Hm...your explanation is a little more understandable to me than Cisco Qid's (not that I am disparaging Cisco's - it was just a little over my head. Thanks to both of you for your answers - clearly both of you know vastly more physics than I). I think I might *almost *understand it.

Case A: Single car hits immovable wall at 50mph = 50mph worth of damage absorbed by one car.

Case B: Single car hits stationary car at 50 mph = 50mph worth of damage absorbed by

*two* cars.

Case C: Single car hits stationary car at 100 mph = 100mph worth of damage absorbed by

*two* cars.

Case D: Two cars hit each other head on at 50mph each (combined closing speed of 100mph) = 100mph worth of damage absorbed by

*two* cars.

Case B will obviously involve less damage to the moving car than A. Case C should be the same damage per car as in A, with twice the momentum but also twice the material (two cars) absorbing the impact. Case D is exactly the same as C, only described from a different frame of reference, so should be the same damage per car as both C and A.

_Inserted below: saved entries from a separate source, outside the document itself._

lemma is_hom_unique_wraps:
  assumes M: "is_model ar M" and M': "is_model ar' M'"
    and h: "is_hom M M' hV hW" and h': "is_hom M M' hV' hW'" and W: "W \<in> wraps M"
  shows "hW W = hW' W"
proof -
  obtain v where v: "v \<in> W" "v \<in> nodes M"
    using is_model_wraps[OF M W] by blast
  have "hV v \<in> Node ` hW W" "hV' v \<in> Node ` hW' W"
    using is_hom_member[OF h W v(1)] is_hom_member[OF h' W v(1)] .
  moreover have "hV v = hV' v"
    using is_hom_unique_nodes[OF M h h' v(2)] .
  ultimately have "hW W \<inter> hW' W \<noteq> {}" by auto
  then show ?thesis
    using is_model_wraps_disjoint[OF M' is_hom_wraps[OF h W] is_hom_wraps[OF h' W]] by blast
qed

lemma is_hom_endo_nodes:
  assumes "is_model ar M" and "is_hom M M hV hW" and "v \<in> nodes M"
  shows "hV v = Node v"
  using is_hom_unique_nodes[OF assms(1,2) is_hom_id assms(3)] by simp

lemma is_hom_endo_wraps:
  assumes "is_model ar M" and "is_hom M M hV hW" and "W \<in> wraps M"
  shows "hW W = W"
  using is_hom_unique_wraps[OF assms(1,1,2) is_hom_id assms(3)] by simp

lemma is_hom_cong:
  assumes M: "is_model ar M" and h: "is_hom M M' hV hW"
    and V: "\<And>v. v \<in> nodes M \<Longrightarrow> hV v = hV' v"
    and W: "\<And>W. W \<in> wraps M \<Longrightarrow> hW W = hW' W"
  shows "is_hom M M' hV' hW'"
proof -
  have hext_agree: "hext hV hW e = hext hV' hW' e" if "e \<in> elems M" for e
    using that V W by (auto simp: elems_def)
  show ?thesis
    unfolding is_hom_def
  proof (intro conjI allI ballI impI)
    fix v assume "v \<in> nodes M"
    then show "hV' v \<in> elems M'" using is_hom_nodes[OF h] V by simp
  next
    fix W assume "W \<in> wraps M"
    then show "hW' W \<in> wraps M'" using is_hom_wraps[OF h] W by simp
  next
    fix t v assume "v \<in> Ityp M t"
    then show "hV' v \<in> Node ` Ityp M' t"
      using is_hom_Ityp[OF h] is_model_Ityp[OF M] V by (metis subsetD)
  next
    fix P v e assume "Iattr M P v = Some e"
    then show "astep M' (Some (hV' v)) P = Some (hext hV' hW' e)"
      using is_hom_Iattr[OF h] is_model_Iattr[OF M] V hext_agree by metis
  next
    fix r xs assume "xs \<in> Irel M r"
    moreover from this have "map (hext hV hW) xs = map (hext hV' hW') xs"
      using is_model_Irel[OF M] hext_agree by (auto intro: map_cong)
    ultimately show "map (hext hV' hW') xs \<in> Irel M' r" using is_hom_Irel[OF h] by metis
  next
    fix b v assume "Ibase M b = Some v"
    then show "map_option Node (Ibase M' b) = Some (hV' v)"
      using is_hom_Ibase[OF h] is_model_Ibase[OF M] V by metis
  next
    fix W v assume "W \<in> wraps M" "v \<in> W"
    then show "hV' v \<in> Node ` hW' W"
      using is_hom_member[OF h] is_model_wraps[OF M] V W by (metis subsetD)
  next
    fix x v assume "gN M x = Some v"
    then show "map_option Node (gN M' x) = Some (hV' v)"
      using is_hom_gN[OF h] is_model_gN[OF M] V by metis
  next
    fix T W' assume "gW M T = Some W'"
    then show "gW M' T = Some (hW' W')"
      using is_hom_gW[OF h] is_model_gW[OF M] W by metis
  qed
qed

lemma is_hom_back_and_forth_node:
  assumes M: "is_model ar M" and h: "is_hom M M' hV hW" and k: "is_hom M' M kV kW"
    and v: "v \<in> nodes M"
  shows "\<exists>u\<in>nodes M'. hV v = Node u \<and> kV u = Node v"
proof -
  have kh: "hext kV kW (hV v) = Node v"
    using is_hom_endo_nodes[OF M is_hom_comp[OF h k] v] by simp
  have "hV v \<in> elems M'" using is_hom_nodes[OF h v] .
  with kh show ?thesis by (auto simp: elems_def)
qed

lemma subsumes_refl: "subsumes M M"
  unfolding subsumes_def using is_hom_id by blast

lemma subsumes_trans: "\<lbrakk>subsumes M M'; subsumes M' M''\<rbrakk> \<Longrightarrow> subsumes M M''"
  unfolding subsumes_def using is_hom_comp by blast

lemma subsumes_antisym:
  assumes M1: "is_model ar1 M1" and M2: "is_model ar2 M2"
    and "subsumes M1 M2" and "subsumes M2 M1"
  shows "is_iso M1 M2"
proof -
  obtain hV hW kV kW where h: "is_hom M1 M2 hV hW" and k: "is_hom M2 M1 kV kW"
    using assms(3,4) unfolding subsumes_def by blast
  have "\<forall>v\<in>nodes M1. \<exists>u. u \<in> nodes M2 \<and> hV v = Node u \<and> kV u = Node v"
    using is_hom_back_and_forth_node[OF M1 h k] by blast
  from bchoice[OF this] obtain \<sigma>
    where \<sigma>: "\<forall>v\<in>nodes M1. \<sigma> v \<in> nodes M2 \<and> hV v = Node (\<sigma> v) \<and> kV (\<sigma> v) = Node v"
    by blast
  have "\<forall>v\<in>nodes M2. \<exists>u. u \<in> nodes M1 \<and> kV v = Node u \<and> hV u = Node v"
    using is_hom_back_and_forth_node[OF M2 k h] by blast
  from bchoice[OF this] obtain \<tau>
    where \<tau>: "\<forall>v\<in>nodes M2. \<tau> v \<in> nodes M1 \<and> kV v = Node (\<tau> v) \<and> hV (\<tau> v) = Node v"
    by blast
  have \<tau>_\<sigma>: "\<tau> (\<sigma> v) = v" if "v \<in> nodes M1" for v
    using that \<sigma> \<tau> by force
  have \<sigma>_\<tau>: "\<sigma> (\<tau> v) = v" if "v \<in> nodes M2" for v
    using that \<sigma> \<tau> by force
  have bij_nodes: "bij_betw \<sigma> (nodes M1) (nodes M2)"
    by (rule bij_betw_byWitness[where f' = \<tau>]) (use \<sigma> \<tau> \<tau>_\<sigma> \<sigma>_\<tau> in auto)
  have wraps_inverse:
    "W \<in> wraps M1 \<Longrightarrow> kW (hW W) = W" "W' \<in> wraps M2 \<Longrightarrow> hW (kW W') = W'" for W W'
    using is_hom_endo_wraps[OF M1 is_hom_comp[OF h k]]
      is_hom_endo_wraps[OF M2 is_hom_comp[OF k h]]
    by simp_all
  have bij_wraps: "bij_betw hW (wraps M1) (wraps M2)"
    by (rule bij_betw_byWitness[where f' = kW])
      (use wraps_inverse is_hom_wraps[OF h] is_hom_wraps[OF k] in auto)
  have "is_hom M1 M2 (Node \<circ> \<sigma>) hW"
    by (rule is_hom_cong[OF M1 h]) (use \<sigma> in auto)
  moreover have "is_hom M2 M1 (Node \<circ> inv_into (nodes M1) \<sigma>) (inv_into (wraps M1) hW)"
  proof (rule is_hom_cong[OF M2 k])
    fix v assume "v \<in> nodes M2"
    then have "inv_into (nodes M1) \<sigma> v = \<tau> v"
      using \<tau> \<sigma>_\<tau> bij_nodes by (intro inv_into_f_eq) (auto simp: bij_betw_def)
    with \<open>v \<in> nodes M2\<close> show "kV v = (Node \<circ> inv_into (nodes M1) \<sigma>) v" using \<tau> by simp
  next
    fix W assume "W \<in> wraps M2"
    then show "kW W = inv_into (wraps M1) hW W"
      using wraps_inverse is_hom_wraps[OF k] bij_wraps
      by (intro inv_into_f_eq [symmetric]) (auto simp: bij_betw_def)
  qed
  ultimately show ?thesis
    unfolding is_iso_def using bij_nodes bij_wraps by blast
qed

lemma is_iso_imp_subsumes: "is_iso M M' \<Longrightarrow> subsumes M M' \<and> subsumes M' M"
  unfolding is_iso_def subsumes_def by blast

theorem mainTheorem3:
  fixes arity :: "'r \<Rightarrow> nat"
    and M1 :: "('t, 'a, 'r, 'b, 'x, 'w, 'v1) model"
    and M2 :: "('t, 'a, 'r, 'b, 'x, 'w, 'v2) model"
    and M3 :: "('t, 'a, 'r, 'b, 'x, 'w, 'v3) model"
  assumes "finite (UNIV :: 't set)" and "finite (UNIV :: 'a set)"
    and "\<forall>r. arity r > 1"
    and "is_model arity M1" and "is_model arity M2" and "is_model arity M3"
  shows "subsumes M1 M1
       \<and> (subsumes M1 M2 \<and> subsumes M2 M3 \<longrightarrow> subsumes M1 M3)
       \<and> (subsumes M1 M2 \<and> subsumes M2 M1 \<longrightarrow> is_iso M1 M2)
       \<and> (is_iso M1 M2 \<longrightarrow> subsumes M1 M2 \<and> subsumes M2 M1)"
  using subsumes_refl subsumes_trans subsumes_antisym[OF assms(4,5)] is_iso_imp_subsumes
  by blast

end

That was my initial reasoning, but this is obviously wrong. Hitting a wall at 50 is far more than twice as bad as hitting the same wall at 25. It's not momentum (m x v) that determines damage, but rather the kinetic energy (m x v^2). So double the speed is a lot more than just double the damage. It's exponential. So Case B is half the damage (per car) as A (same energy, but two cars to absorb it), while case C will be more damage per car than A (two cars absorbing the impact, but much more than twice the energy). And Case D remains the same as Case C.

So I think the answer to your question is neither. The damage per car in the head-on crash of Case D will be twice that of hitting an immovable wall at the same speed (of 50mph), yet still only half the damage of hitting an immovable wall at twice the speed (i.e. 100mph).